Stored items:

****************

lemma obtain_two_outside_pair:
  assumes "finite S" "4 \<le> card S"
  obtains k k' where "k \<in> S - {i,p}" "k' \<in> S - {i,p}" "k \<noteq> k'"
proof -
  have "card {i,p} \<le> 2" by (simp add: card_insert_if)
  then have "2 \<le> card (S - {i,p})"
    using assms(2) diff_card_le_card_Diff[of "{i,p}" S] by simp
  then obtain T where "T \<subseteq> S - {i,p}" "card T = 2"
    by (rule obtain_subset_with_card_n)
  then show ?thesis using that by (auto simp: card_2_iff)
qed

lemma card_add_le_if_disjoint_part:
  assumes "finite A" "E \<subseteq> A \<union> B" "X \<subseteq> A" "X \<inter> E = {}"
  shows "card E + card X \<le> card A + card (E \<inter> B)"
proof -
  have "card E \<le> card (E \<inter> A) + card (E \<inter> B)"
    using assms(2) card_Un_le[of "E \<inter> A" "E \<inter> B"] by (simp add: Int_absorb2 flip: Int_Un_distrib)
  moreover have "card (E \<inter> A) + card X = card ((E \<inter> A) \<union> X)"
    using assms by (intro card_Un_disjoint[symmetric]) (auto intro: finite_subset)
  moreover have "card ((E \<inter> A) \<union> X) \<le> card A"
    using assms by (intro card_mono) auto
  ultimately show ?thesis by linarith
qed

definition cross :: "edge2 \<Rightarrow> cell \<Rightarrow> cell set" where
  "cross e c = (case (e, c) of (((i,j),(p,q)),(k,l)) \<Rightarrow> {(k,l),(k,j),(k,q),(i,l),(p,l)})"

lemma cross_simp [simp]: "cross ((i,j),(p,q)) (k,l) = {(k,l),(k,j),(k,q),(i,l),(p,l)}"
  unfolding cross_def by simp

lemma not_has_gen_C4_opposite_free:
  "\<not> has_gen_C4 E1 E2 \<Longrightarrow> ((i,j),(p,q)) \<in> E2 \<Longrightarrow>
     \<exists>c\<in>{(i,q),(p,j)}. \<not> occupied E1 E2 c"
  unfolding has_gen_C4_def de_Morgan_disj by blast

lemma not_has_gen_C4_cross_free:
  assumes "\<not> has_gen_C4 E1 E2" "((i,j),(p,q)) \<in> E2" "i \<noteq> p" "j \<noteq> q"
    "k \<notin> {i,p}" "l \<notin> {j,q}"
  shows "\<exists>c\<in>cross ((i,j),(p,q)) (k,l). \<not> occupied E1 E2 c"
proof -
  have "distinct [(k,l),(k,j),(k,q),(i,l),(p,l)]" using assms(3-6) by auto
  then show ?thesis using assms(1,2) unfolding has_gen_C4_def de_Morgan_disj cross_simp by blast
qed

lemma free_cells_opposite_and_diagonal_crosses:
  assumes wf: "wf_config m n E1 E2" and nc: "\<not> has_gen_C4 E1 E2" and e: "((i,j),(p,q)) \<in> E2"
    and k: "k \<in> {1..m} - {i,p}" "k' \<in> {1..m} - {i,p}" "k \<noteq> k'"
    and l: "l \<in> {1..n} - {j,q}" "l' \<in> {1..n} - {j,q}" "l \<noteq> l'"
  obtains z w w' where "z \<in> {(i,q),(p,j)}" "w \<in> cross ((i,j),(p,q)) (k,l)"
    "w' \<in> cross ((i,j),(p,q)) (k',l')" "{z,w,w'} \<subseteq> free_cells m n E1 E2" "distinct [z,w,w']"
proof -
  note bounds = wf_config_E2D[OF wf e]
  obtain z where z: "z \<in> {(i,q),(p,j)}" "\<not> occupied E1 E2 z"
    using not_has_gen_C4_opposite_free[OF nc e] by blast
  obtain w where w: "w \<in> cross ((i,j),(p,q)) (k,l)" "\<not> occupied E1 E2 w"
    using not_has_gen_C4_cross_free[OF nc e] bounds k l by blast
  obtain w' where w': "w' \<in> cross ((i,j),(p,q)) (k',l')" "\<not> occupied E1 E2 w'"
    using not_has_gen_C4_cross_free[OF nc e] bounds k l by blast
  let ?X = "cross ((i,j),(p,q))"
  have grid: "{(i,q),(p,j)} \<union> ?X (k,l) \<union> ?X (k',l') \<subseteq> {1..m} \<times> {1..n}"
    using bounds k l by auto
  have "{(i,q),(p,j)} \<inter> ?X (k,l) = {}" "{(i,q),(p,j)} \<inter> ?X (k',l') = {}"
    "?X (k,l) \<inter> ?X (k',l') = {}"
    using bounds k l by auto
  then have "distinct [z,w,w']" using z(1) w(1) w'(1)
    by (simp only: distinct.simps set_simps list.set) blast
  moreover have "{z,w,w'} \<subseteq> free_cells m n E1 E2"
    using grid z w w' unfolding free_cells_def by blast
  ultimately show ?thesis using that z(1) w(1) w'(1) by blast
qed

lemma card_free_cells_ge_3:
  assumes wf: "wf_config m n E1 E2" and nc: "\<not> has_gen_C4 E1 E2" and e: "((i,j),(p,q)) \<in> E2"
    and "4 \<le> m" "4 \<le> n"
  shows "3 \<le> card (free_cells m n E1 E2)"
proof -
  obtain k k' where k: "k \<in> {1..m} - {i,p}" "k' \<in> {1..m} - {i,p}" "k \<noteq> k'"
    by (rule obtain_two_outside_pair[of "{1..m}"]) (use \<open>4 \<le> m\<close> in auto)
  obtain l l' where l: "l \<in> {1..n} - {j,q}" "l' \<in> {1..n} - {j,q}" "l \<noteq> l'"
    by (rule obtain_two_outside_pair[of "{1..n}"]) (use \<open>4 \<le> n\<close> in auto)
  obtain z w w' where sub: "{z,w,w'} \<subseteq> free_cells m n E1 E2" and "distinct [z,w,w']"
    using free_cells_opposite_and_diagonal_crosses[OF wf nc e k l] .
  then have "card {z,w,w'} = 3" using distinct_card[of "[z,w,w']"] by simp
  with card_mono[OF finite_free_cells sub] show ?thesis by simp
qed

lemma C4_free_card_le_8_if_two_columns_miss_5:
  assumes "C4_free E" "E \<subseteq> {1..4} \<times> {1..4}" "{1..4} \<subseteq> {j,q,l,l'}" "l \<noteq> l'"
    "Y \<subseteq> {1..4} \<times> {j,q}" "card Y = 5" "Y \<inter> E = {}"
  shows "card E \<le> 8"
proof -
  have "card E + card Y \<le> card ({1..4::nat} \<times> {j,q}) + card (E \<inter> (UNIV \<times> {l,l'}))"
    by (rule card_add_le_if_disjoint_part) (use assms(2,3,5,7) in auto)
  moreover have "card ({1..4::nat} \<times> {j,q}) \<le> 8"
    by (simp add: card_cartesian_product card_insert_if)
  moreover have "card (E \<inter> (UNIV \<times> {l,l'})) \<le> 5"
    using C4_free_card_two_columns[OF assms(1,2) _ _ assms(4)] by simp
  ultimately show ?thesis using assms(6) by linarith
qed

****************

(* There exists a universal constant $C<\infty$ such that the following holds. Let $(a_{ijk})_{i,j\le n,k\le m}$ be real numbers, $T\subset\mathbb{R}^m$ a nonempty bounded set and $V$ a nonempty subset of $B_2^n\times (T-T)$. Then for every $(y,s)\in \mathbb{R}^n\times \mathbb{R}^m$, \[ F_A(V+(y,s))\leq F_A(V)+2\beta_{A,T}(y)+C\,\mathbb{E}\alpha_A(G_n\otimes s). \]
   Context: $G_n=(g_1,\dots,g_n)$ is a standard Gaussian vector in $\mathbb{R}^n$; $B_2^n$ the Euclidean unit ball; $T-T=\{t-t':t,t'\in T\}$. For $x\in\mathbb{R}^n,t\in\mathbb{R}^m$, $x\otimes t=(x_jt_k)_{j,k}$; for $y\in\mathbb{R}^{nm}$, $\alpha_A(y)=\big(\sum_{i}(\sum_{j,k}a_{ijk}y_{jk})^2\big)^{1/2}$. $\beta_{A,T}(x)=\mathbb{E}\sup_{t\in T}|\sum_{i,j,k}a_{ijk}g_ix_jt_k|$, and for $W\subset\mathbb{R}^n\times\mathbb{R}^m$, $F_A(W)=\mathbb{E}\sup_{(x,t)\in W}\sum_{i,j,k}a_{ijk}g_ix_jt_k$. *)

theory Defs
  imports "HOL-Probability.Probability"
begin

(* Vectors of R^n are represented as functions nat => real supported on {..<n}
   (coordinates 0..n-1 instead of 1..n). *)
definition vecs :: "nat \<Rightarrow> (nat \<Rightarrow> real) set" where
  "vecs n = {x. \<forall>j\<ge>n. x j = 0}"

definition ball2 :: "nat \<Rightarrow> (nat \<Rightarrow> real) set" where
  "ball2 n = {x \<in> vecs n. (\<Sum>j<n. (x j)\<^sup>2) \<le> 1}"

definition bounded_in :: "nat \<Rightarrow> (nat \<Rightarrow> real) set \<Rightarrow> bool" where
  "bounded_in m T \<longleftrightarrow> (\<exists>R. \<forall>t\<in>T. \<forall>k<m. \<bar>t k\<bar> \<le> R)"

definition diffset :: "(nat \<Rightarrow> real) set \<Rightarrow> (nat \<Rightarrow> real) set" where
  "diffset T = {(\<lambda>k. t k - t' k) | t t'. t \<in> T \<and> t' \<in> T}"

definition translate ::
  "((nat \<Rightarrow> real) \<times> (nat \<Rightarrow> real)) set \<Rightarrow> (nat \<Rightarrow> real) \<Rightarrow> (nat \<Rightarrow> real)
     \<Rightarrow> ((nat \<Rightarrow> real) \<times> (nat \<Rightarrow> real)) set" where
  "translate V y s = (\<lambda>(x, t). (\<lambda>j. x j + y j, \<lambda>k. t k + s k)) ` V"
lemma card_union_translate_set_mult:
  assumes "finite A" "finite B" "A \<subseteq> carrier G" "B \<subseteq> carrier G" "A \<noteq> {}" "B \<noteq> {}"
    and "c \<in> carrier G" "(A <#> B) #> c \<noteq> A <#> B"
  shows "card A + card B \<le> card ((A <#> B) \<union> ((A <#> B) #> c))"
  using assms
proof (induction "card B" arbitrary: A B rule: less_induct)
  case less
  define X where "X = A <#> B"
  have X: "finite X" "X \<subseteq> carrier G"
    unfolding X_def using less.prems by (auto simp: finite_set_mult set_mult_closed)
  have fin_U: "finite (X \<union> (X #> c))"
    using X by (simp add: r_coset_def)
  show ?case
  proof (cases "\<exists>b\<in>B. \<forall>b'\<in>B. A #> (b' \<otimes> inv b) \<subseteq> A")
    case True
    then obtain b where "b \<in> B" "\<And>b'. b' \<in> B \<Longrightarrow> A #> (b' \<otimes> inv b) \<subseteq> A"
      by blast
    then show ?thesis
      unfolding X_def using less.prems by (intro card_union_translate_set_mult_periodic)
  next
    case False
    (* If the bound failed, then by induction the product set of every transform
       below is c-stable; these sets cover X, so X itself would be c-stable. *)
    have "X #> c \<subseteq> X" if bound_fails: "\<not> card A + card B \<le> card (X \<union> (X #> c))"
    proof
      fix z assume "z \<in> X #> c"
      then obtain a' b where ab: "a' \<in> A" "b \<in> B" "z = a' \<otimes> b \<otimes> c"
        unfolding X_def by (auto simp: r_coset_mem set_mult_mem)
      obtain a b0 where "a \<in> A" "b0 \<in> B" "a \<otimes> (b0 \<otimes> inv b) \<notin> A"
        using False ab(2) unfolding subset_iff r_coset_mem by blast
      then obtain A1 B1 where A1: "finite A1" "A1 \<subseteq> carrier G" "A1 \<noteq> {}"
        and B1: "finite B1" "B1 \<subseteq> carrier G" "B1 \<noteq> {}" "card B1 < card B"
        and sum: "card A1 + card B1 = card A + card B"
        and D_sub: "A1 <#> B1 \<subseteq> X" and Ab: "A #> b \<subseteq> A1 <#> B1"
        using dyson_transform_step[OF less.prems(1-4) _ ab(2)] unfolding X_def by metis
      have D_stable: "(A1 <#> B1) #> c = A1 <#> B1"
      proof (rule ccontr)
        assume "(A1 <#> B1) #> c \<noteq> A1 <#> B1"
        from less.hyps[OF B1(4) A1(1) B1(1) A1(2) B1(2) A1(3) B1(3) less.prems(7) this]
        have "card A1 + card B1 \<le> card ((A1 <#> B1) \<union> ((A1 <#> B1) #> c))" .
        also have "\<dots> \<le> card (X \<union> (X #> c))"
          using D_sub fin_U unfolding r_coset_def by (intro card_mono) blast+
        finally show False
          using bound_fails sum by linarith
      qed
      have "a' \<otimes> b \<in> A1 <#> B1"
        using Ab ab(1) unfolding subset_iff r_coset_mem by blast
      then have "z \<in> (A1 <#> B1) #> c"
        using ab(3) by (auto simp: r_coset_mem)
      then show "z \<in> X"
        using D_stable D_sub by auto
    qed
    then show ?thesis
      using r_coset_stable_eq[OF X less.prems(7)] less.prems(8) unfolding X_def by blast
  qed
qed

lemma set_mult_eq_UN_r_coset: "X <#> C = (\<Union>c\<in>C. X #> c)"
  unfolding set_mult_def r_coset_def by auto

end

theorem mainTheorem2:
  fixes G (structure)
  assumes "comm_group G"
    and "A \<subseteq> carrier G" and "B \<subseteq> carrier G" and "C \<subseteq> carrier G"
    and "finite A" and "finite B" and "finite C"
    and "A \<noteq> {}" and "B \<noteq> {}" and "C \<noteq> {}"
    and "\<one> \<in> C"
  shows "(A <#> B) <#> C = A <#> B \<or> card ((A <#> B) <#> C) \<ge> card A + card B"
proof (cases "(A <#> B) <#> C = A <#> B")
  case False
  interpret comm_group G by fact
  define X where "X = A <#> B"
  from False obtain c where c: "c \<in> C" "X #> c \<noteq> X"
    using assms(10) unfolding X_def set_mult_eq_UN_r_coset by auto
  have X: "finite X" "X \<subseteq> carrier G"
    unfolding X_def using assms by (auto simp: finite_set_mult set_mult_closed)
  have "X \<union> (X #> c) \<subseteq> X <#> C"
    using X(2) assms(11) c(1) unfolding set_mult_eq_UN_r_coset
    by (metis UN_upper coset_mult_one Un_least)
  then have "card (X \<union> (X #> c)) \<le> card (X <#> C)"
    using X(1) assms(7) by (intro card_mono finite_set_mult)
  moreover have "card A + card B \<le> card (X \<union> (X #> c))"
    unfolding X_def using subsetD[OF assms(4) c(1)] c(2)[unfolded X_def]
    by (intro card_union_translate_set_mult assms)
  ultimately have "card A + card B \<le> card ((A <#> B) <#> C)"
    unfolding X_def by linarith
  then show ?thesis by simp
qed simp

****************

**THE PROBLEM**. Look back at the entries above and repeat, unchanged, every line from the line holding "card (free_cells m" through the line holding "obtain l l'".

**OUTPUT OF THE TASK**.
  shows "3 \<le> card (free_cells m n E1 E2)"
proof -
  obtain k k' where k: "k \<in> {1..m} - {i,p}" "k' \<in> {1..m} - {i,p}" "k \<noteq> k'"
    by (rule obtain_two_outside_pair[of "{1..m}"]) (use \<open>4 \<le> m\<close> in auto)
  obtain l l' where l: "l \<in> {1..n} - {j,q}" "l' \<in> {1..n} - {j,q}" "l \<noteq> l'"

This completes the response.